WHEN THE CALVES CAME IN FEBRUARY, RAYMOND ROSE two and three times in the freezing night to check on the cattle he had noticed were showing springy and had begun to bag down, having moved the cattle into the corrals and loafing shed next to the barn in the days before. Once he was there he would check that the nose and the front feet were exposed and started out as normal, or he would catch the laboring cow and pull the calf with the calf-chain, ratcheting the calf out, and sew the cow up afterward and doctor her with antibiotics. So, for weeks of these indistinguishable days and nights, he was exhausted, he was worn out almost beyond thinking. He still had the ordinary daily chores and the hay-feeding to do as always, which by themselves would have been almost too much for one man to do and keep up with, but he was doing all of it alone now, since his brother had been killed in the previous fall. He went on regardless. He went on in a kind of daze. He found himself falling asleep at the kitchen table, noon and night and sometimes, though he’d just risen, in the mornings too when he sat down to his meager solitary hurried meal. Then he would wake an hour or two later, with his neck stiff and his hands numb and his tongue as dry as paper from having breathed through his open mouth for too long with his head lolled back against the chair back, and with the food before him already long gone cold on his plate and the black coffee on the table no longer even tepid in his cup. Then he would sit up and rouse himself and look around, study the light or the lack of it in the kitchen window, and push himself up from the old pinewood table and get into his canvas coveralls and overshoes again and pull on his wool cap and step outside into the winter cold once more. And then walk across the drive to the corrals and calving shed to begin it all again. This routine, day and night, lasted for something over a month.
So it was already the start of March before he felt rested enough to think he might allow himself a single night’s vacation in which to drive to town once again to the tavern on Main Street.
HE SET OUT ON A COOL FRESH NIGHT, DRESSED AGAIN IN his town clothes and his Bailey hat. He had shaved and washed up and had put on some of the cologne that Victoria had given him at Christmastime. It was a Saturday night, the sky overhead clear of any cloud, the stars as clean and bright as if they were no more distant than the next barbed-wire fence post standing up above the barrow ditch running beside the narrow blacktop highway, everything all around him distinct and unhidden.
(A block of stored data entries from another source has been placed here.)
(* Let $(a_1,\dots,a_k)$ be a composition, $d_k=-(a_1+\cdots+a_{k-1})$ and $d_i=(a_1+\cdots+a_{i-1})-(a_{i+1}+\cdots+a_k)$ for $1\le i\le k-1$. For every $1\le i\le k$ with $d_i\neq0$, the meanders $\Gamma(a_1,\dots,a_k)$ and $\Gamma(a_1,\dots,a_{i-1},a_i[|d_i|],a_{i+1},\dots,a_k)$ are equivalent.
   Context: For a composition $\underline a=(a_1,\dots,a_k)$ of $n$, let $I_i=\{a_1+\cdots+a_{i-1}+1,\dots,a_1+\cdots+a_i\}$ and let $\theta_{\underline a}$ be the involution of $\{1,\dots,n\}$ given on $I_i$ by $x\mapsto 2(a_1+\cdots+a_{i-1})+a_i-x+1$; let $\theta(x)=n+1-x$. The meander $\Gamma(\underline a)$ is the graph with vertices $1,\dots,n$ on a horizontal line, with an arc below the line joining $x$ and $\theta_{\underline a}(x)$ whenever $x\ne\theta_{\underline a}(x)$, and an arc above joining $x$ and $\theta(x)$ whenever $x\neq\theta(x)$. Its connected components are the orbits of the group generated by $\theta_{\underline a},\theta$. A component is a cycle if every vertex $x$ in it satisfies $x\ne\theta_{\underline a}(x)$ and $x\ne\theta(x)$, and a segment otherwise. For a cycle $X$ there are an integer $s>1$ (the dimension of $X$) and $x_1,\dots,x_m$ such that the vertices of $X$ are $x_1<x_1+s-1<x_2<x_2+s-1<\cdots<x_m<x_m+s-1$; if $s>2$, a component $Y\neq X$ is said to be inside $X$ if it has a vertex $y$ with $x_j\le y\le x_j+s-1$ for some $j$. A cycle is maximal if it is not inside another cycle; a segment not inside any cycle is regarded as a maximal cycle of dimension $1$. Two meanders are equivalent if there is a bijection between their sets of connected components preserving the number of maximal cycles and their dimensions. $r[s]$ is the remainder of the Euclidean division of $r$ by $s$; zero entries in a tuple are deleted. *)

theory Defs
  imports Main
begin

(* Blocks are 0-indexed here: block i (i < k) is I_{i+1} = {p i + 1 .. p i + a!i}
   with p i = a_1 + ... + a_i (0-indexed prefix sum). *)

definition is_composition :: "nat list \<Rightarrow> bool" where
  "is_composition a \<longleftrightarrow> a \<noteq> [] \<and> (\<forall>x\<in>set a. 0 < x)"

definition pre :: "nat list \<Rightarrow> nat \<Rightarrow> nat" where
  "pre a i = sum_list (take i a)"

definition theta_a :: "nat list \<Rightarrow> nat \<Rightarrow> nat" where
  "theta_a a x =
     (if \<exists>i<length a. pre a i < x \<and> x \<le> pre a i + a!i
      then (let i = (THE i. i < length a \<and> pre a i < x \<and> x \<le> pre a i + a!i)
            in 2 * pre a i + a!i + 1 - x)
      else x)"

definition theta :: "nat \<Rightarrow> nat \<Rightarrow> nat" where
  "theta n x = n + 1 - x"

definition medges :: "nat list \<Rightarrow> (nat \<times> nat) set" where
  "medges a = {(x, y). x \<in> {1..sum_list a} \<and>
                  (y = theta_a a x \<or> y = theta (sum_list a) x)}"

definition mcomp :: "nat list \<Rightarrow> nat \<Rightarrow> nat set" where
  "mcomp a x = {y. (x, y) \<in> (medges a)\<^sup>*}"

definition mcomponents :: "nat list \<Rightarrow> nat set set" where
  "mcomponents a = mcomp a ` {1..sum_list a}"

definition is_cycle :: "nat list \<Rightarrow> nat set \<Rightarrow> bool" where
  "is_cycle a X \<longleftrightarrow> X \<in> mcomponents a \<and>
     (\<forall>x\<in>X. x \<noteq> theta_a a x \<and> x \<noteq> theta (sum_list a) x)"

definition is_segment :: "nat list \<Rightarrow> nat set \<Rightarrow> bool" where
  "is_segment a X \<longleftrightarrow> X \<in> mcomponents a \<and> \<not> is_cycle a X"

definition cycle_shape :: "nat set \<Rightarrow> nat \<Rightarrow> nat list \<Rightarrow> bool" where
  "cycle_shape X s xs \<longleftrightarrow> 1 < s \<and>
     sorted_wrt (<) (concat (map (\<lambda>x. [x, x + s - 1]) xs)) \<and>
     X = set (concat (map (\<lambda>x. [x, x + s - 1]) xs))"

definition cycle_dim :: "nat set \<Rightarrow> nat" where
  "cycle_dim X = (THE s. \<exists>xs. cycle_shape X s xs)"

definition inside :: "nat list \<Rightarrow> nat set \<Rightarrow> nat set \<Rightarrow> bool" where
  "inside a Y X \<longleftrightarrow> is_cycle a X \<and> Y \<in> mcomponents a \<and> Y \<noteq> X \<and>
     (\<exists>s xs. cycle_shape X s xs \<and> 2 < s \<and>
        (\<exists>y\<in>Y. \<exists>x\<in>set xs. x \<le> y \<and> y \<le> x + s - 1))"

definition is_maximal_cycle :: "nat list \<Rightarrow> nat set \<Rightarrow> bool" where
  "is_maximal_cycle a X \<longleftrightarrow> is_cycle a X \<and> \<not> (\<exists>Z. inside a X Z)"

(* dimension of a component as a maximal cycle: a maximal cycle has its dimension,
   a segment not inside any cycle counts as a maximal cycle of dimension 1,
   all other components are not maximal cycles (None). *)
definition max_dim :: "nat list \<Rightarrow> nat set \<Rightarrow> nat option" where
  "max_dim a X =
     (if is_maximal_cycle a X then Some (cycle_dim X)
      else if is_segment a X \<and> \<not> (\<exists>Z. inside a X Z) then Some 1
      else None)"

definition meander_equiv :: "nat list \<Rightarrow> nat list \<Rightarrow> bool" where
  "meander_equiv a b \<longleftrightarrow>
     (\<exists>f. bij_betw f (mcomponents a) (mcomponents b) \<and>
          (\<forall>X\<in>mcomponents a. max_dim b (f X) = max_dim a X))"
He loved how it all looked, except he would never have said it in that way. He might have said that this was just how it was supposed to look, out on the high plains at the end of winter, on a clear fresh night.
In Holt he parked at the curb in front of the Holt Mercury newspaper offices, closed and darkened for the night, and walked up the block past the unlit stores to the corner. Inside the tavern it was just as before. The same noise and desolate country music, the men shooting pool at the tables in the back and the TV blaring over the bar, the long room just as crowded and smoky as it had been in December—all of it the same, except maybe a little more of it now, a little more gaiety, since it was a Saturday night.